We've also magically eliminated the need for simultaneous loading of vLLM The double memory usage when loading Unsloth and Unsloth saves about 5GB for Llama 3.1 8B and 3GB for Llama 3.2 3B. Unsloth could have fine-tuned the Llama 3.3 70B Instruct in 1x 48GB GPUs, where the weights of the Llama 3.3 70B take up 40GB of VRAM. if we don't eliminate double memory usage, then loading both Unsloth and vLLM would require >= 80GB of VRAM.
But with Unsloth, you can still fine-tune and enjoy the benefits of fast inference simultaneously in one package with less than 48GB of VRAM! To use fast inference, first install vllm and use the fast_inference
Instantiate Unsloth:
make a copy of
pip install unsloth vllm
from unsloth import FastLanguageModel
model, tokenizer = FastLanguageModel.from_pretrained(
model_name = "unsloth/Llama-3.2-3B-Instruct",
fast_inference = True,
)
model.fast_generate(["Hello!"])
✅ GRPO Requirements Guide
When you use Unsloth for GRPO, we have intelligently reduced VRAM usage by over 90% with a variety of tricks compared to the standard implementation using Flash Attention 2! For example, at a context length of 20K and generating 8 responses per cue, Unsloth for Llama 3.1 8B only uses 54.3GB of VRAM, while the standard implementation requires 510.8GB (Unsloth reduced by 90%)The
- GRPO's QLoRA 4-bit GPU VRAM RequirementsThe general rule is that the model parameter = the amount of VRAM you will need (you can use less VRAM, but that's just to be on the safe side).
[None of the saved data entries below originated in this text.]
lemma energy_square_patch_ge:
  assumes "0 < r" "r \<le> R" "r \<le> h - R"
  shows "c\<^sup>2 / 2 * ((1 - measure green_measure (- ball 0 r)) * (4 * (R - r)\<^sup>2)
      - measure green_measure (- ball 0 r) * (4 * R\<^sup>2)) \<le> energy (\<lambda>x. c * indicator (square h R) x)"
proof -
  have "R < h" using assms by simp
  have "c\<^sup>2 / 2 * (measure green_measure (ball 0 r) * measure lborel (square h (R - r))
      - measure green_measure (- ball 0 r) * measure lborel (square h R))
      \<le> energy (\<lambda>x. c * indicator (square h R) x)"
  proof (rule energy_scaled_indicator_ge)
    show "emeasure lborel (square h R) < \<infinity>" using assms by (simp add: emeasure_square)
    show "square h R \<subseteq> half_plane" using \<open>R < h\<close> by (rule square_subset_half_plane)
    show "square h (R - r) \<subseteq> square h R" using assms by (intro square_mono) simp
    show "ball x r \<subseteq> square h R" if "x \<in> square h (R - r)" for x
      using ball_subset_square[OF that] .
    show "r \<le> dist (reflect x) y" if "x \<in> square h R" "y \<in> square h R" for x y
      using dist_reflect_square[OF that] assms by simp
  qed simp_all
  then show ?thesis
    using assms measure_green_measure_compl[of "ball 0 r"] by (simp add: measure_square)
qed
lemma wedge_retraction_exists:
  obtains r where "based_map (collapsed_simplex (m + n)) (collapsed_vertex (m + n))
      (wedge (collapsed_simplex m) (collapsed_vertex m) (collapsed_simplex n) (collapsed_vertex n))
      (Inl (collapsed_vertex m)) r"
    and "\<And>\<theta>. \<theta> \<in> ordered_simplex (m + n) \<Longrightarrow> r (collapse (m + n) \<theta>) = wedge_split m n \<theta>"
proof -
  obtain r where r: "continuous_map (collapsed_simplex (m + n))
      (wedge (collapsed_simplex m) (collapsed_vertex m) (collapsed_simplex n) (collapsed_vertex n)) r"
    and r_collapse: "\<And>\<theta>. \<theta> \<in> topspace (ordered_simplex_topology (m + n)) \<Longrightarrow>
      r (collapse (m + n) \<theta>) = wedge_split m n \<theta>"
  proof (rule quotient_map_lift_exists[OF quotient_map_collapse continuous_map_wedge_split])
    show "wedge_split m n \<theta> = wedge_split m n \<theta>'"
      if "\<theta> \<in> topspace (ordered_simplex_topology (m + n))" "\<theta>' \<in> topspace (ordered_simplex_topology (m + n))"
        and "collapse (m + n) \<theta> = collapse (m + n) \<theta>'" for \<theta> \<theta>'
      using that by (intro wedge_split_respects_collapse) simp_all
  qed blast
  moreover have "r (collapsed_vertex (m + n)) = Inl (collapsed_vertex m)"
    using r_collapse[of "\<lambda>i\<in>{..<m + n}. 0"] wedge_split_vertex[OF zero_in_ordered_simplex] zero_in_ordered_simplex
    by (simp add: collapsed_vertex_def simplex_vertex_def)
  ultimately show ?thesis
    using that by (simp add: based_map_def)
qed

lemma wedge_retraction_left_inverse:
  assumes r_collapse: "\<And>\<theta>. \<theta> \<in> ordered_simplex (m + n) \<Longrightarrow> r (collapse (m + n) \<theta>) = wedge_split m n \<theta>"
    and z: "z \<in> topspace (wedge (collapsed_simplex m) (collapsed_vertex m) (collapsed_simplex n) (collapsed_vertex n))"
  shows "r (wedge_incl m n z) = z"
proof (cases z)
  case (Inl x)
  with z obtain \<alpha> where "\<alpha> \<in> ordered_simplex m" "x = collapse m \<alpha>"
    by (auto simp: topspace_wedge[OF collapsed_vertex_in_topspace] wedge_carrier_def)
  then show ?thesis
    using Inl by (simp add: wedge_incl_Inl_collapse r_collapse front_face_in_ordered_simplex wedge_split_front_face)
next
  case (Inr y)
  with z obtain \<beta> where "\<beta> \<in> ordered_simplex n" "y = collapse n \<beta>" "y \<noteq> collapsed_vertex n"
    by (auto simp: topspace_wedge[OF collapsed_vertex_in_topspace] wedge_carrier_def)
  then show ?thesis
    using Inr by (simp add: wedge_incl_Inr_collapse r_collapse back_face_in_ordered_simplex wedge_split_back_face
        wedge_norm_Inr)
qed

lemma wedge_retraction_homotopic_id:
  assumes r_collapse: "\<And>\<theta>. \<theta> \<in> ordered_simplex (m + n) \<Longrightarrow> r (collapse (m + n) \<theta>) = wedge_split m n \<theta>"
  shows "based_homotopic (collapsed_simplex (m + n)) (collapsed_vertex (m + n))
    (collapsed_simplex (m + n)) (collapsed_vertex (m + n)) (wedge_incl m n \<circ> r) id"
proof -
  let ?S = "ordered_simplex_topology (m + n)"
  have "based_homotopic (collapsed_simplex (m + n)) (collapsed_vertex (m + n))
      (collapsed_simplex (m + n)) (collapsed_vertex (m + n)) id (wedge_incl m n \<circ> r)"
  proof (rule based_homotopic_quotient_lift[OF quotient_map_collapse collapsed_vertex_in_topspace])
    show "continuous_map (prod_topology (top_of_set {0..1}) ?S) (collapsed_simplex (m + n))
        (\<lambda>p. collapse (m + n) (push m n (fst p) (snd p)))"
      using continuous_map_compose[OF continuous_map_push continuous_map_collapse]
      by (simp add: o_def case_prod_beta)
    show "collapse (m + n) (push m n (fst (t, \<theta>)) (snd (t, \<theta>))) =
        collapse (m + n) (push m n (fst (t, \<theta>')) (snd (t, \<theta>')))"
      if "\<theta> \<in> topspace ?S" "\<theta>' \<in> topspace ?S" "collapse (m + n) \<theta> = collapse (m + n) \<theta>'" for t \<theta> \<theta>'
      using that collapse_eq_cases[of \<theta> "m + n" \<theta>'] push_vertex[of \<theta> m n t] push_vertex[of \<theta>' m n t] by auto
    show "collapse (m + n) (push m n (fst (t, \<theta>)) (snd (t, \<theta>))) = collapsed_vertex (m + n)"
      if "\<theta> \<in> topspace ?S" "collapse (m + n) \<theta> = collapsed_vertex (m + n)" for t \<theta>
      using that collapse_eq_collapsed_vertexD[of \<theta> "m + n"] push_vertex[of \<theta> m n t] by auto
  qed (auto simp: push_eq_self collapse_push_one r_collapse)
  then show ?thesis
    by (simp add: based_homotopic_def homotopic_with_sym)
qed

lemma based_homotopy_equivalence_wedge_incl:
  "based_homotopy_equivalence
     (wedge (collapsed_simplex m) (collapsed_vertex m) (collapsed_simplex n) (collapsed_vertex n)) (Inl (collapsed_vertex m))
     (collapsed_simplex (m + n)) (collapsed_vertex (m + n)) (wedge_incl m n)"
proof -
  obtain r where r: "based_map (collapsed_simplex (m + n)) (collapsed_vertex (m + n))
      (wedge (collapsed_simplex m) (collapsed_vertex m) (collapsed_simplex n) (collapsed_vertex n))
      (Inl (collapsed_vertex m)) r"
    and r_collapse: "\<And>\<theta>. \<theta> \<in> ordered_simplex (m + n) \<Longrightarrow> r (collapse (m + n) \<theta>) = wedge_split m n \<theta>"
    using wedge_retraction_exists[where m = m and n = n] by metis
  show ?thesis
  proof (rule based_homotopy_equivalence_retraction[OF based_map_wedge_incl r])
    show "r (wedge_incl m n z) = z"
      if "z \<in> topspace (wedge (collapsed_simplex m) (collapsed_vertex m) (collapsed_simplex n) (collapsed_vertex n))"
      for z
      by (rule wedge_retraction_left_inverse[OF r_collapse that])
  qed (rule wedge_retraction_homotopic_id[OF r_collapse])
qed

theorem lemma3p2p2:
  shows "\<exists>(W :: nat \<Rightarrow> complex topology) bp Wm om.
           homotopy_monoid_Topop W bp Wm om \<and>
           W 1 = top_of_set (sphere 0 1) \<and> bp 1 = 1"
proof (intro exI conjI)
  show "homotopy_monoid_Topop collapsed_simplex collapsed_vertex reindex wedge_incl"
    unfolding homotopy_monoid_Topop_def
    by (intro conjI allI impI ballI cgh_based_collapsed_simplex based_map_reindex reindex_Delta_id
        reindex_Delta_comp based_map_wedge_incl wedge_incl_natural wedge_incl_coassoc wedge_incl_counit_left
        wedge_incl_counit_right based_homotopy_equivalence_one_point topspace_collapsed_simplex_0
        based_homotopy_equivalence_wedge_incl)
      assumption+
  show "collapsed_simplex 1 = top_of_set (sphere 0 1)"
    by (rule collapsed_simplex_one)
  show "collapsed_vertex 1 = 1"
    by (rule collapsed_vertex_one)
qed

end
The longer you set the context length, the more VRAM you will need. loRA 16-bit will use at least 4 times more VRAM.
- Our new memory-efficient linear cores for GRPO reduce memory usage by a factor of 8 or more. This saves 68.5GB of memory, while the
torch.compile
of help actually faster! - We utilized the intelligent Unsloth gradient checkpoint algorithm we released a while back. It intelligently offloads intermediate activations to system RAM asynchronously while being only 1% slower. this saves 52GB of memory.
- Unlike the implementations in other packages, Unsloth also uses the same GPU / CUDA memory space as the underlying inference engine (vLLM). This saves 16GB of memory.
norm | Unsloth | Standard + FA2 |
---|---|---|
Training Memory Cost (GB) | 42GB | 414GB |
GRPO Memory Cost (GB) | 9.8GB | 78.3GB |
Reasoning Costs (GB) | 0GB | 16GB |
20K context length reasoning KV cache (GB) | 2.5GB | 2.5GB |
Total memory usage | 54.33GB (decrease 90%) | 510.8GB |
In a typical standard GRPO implementation, you need to create 2 logits of size (8, 20K) to calculate the GRPO loss. This takes up 2 * 2 字节 * 8 (生成数量) * 20K (上下文长度) * 128256 (词汇表大小) = 78.3GB
The
Unsloth saves 8x memory usage for long context GRPOs, so for a 20K context length, we only need an additional 9.8GB of VRAM!
We also need to process the KV cache in 16bit format.Llama 3.1 8B has 32 layers and the size of both K and V is 1024.So the memory usage for a 20K context length = 2 * 2 字节 * 32 层 * 20K 上下文长度 * 1024 = 每个批次 2.5GB
. We would set the batch size of vLLM to 8, but to save VRAM we leave it at 1 in our calculations. otherwise you would need 20GB for the KV cache.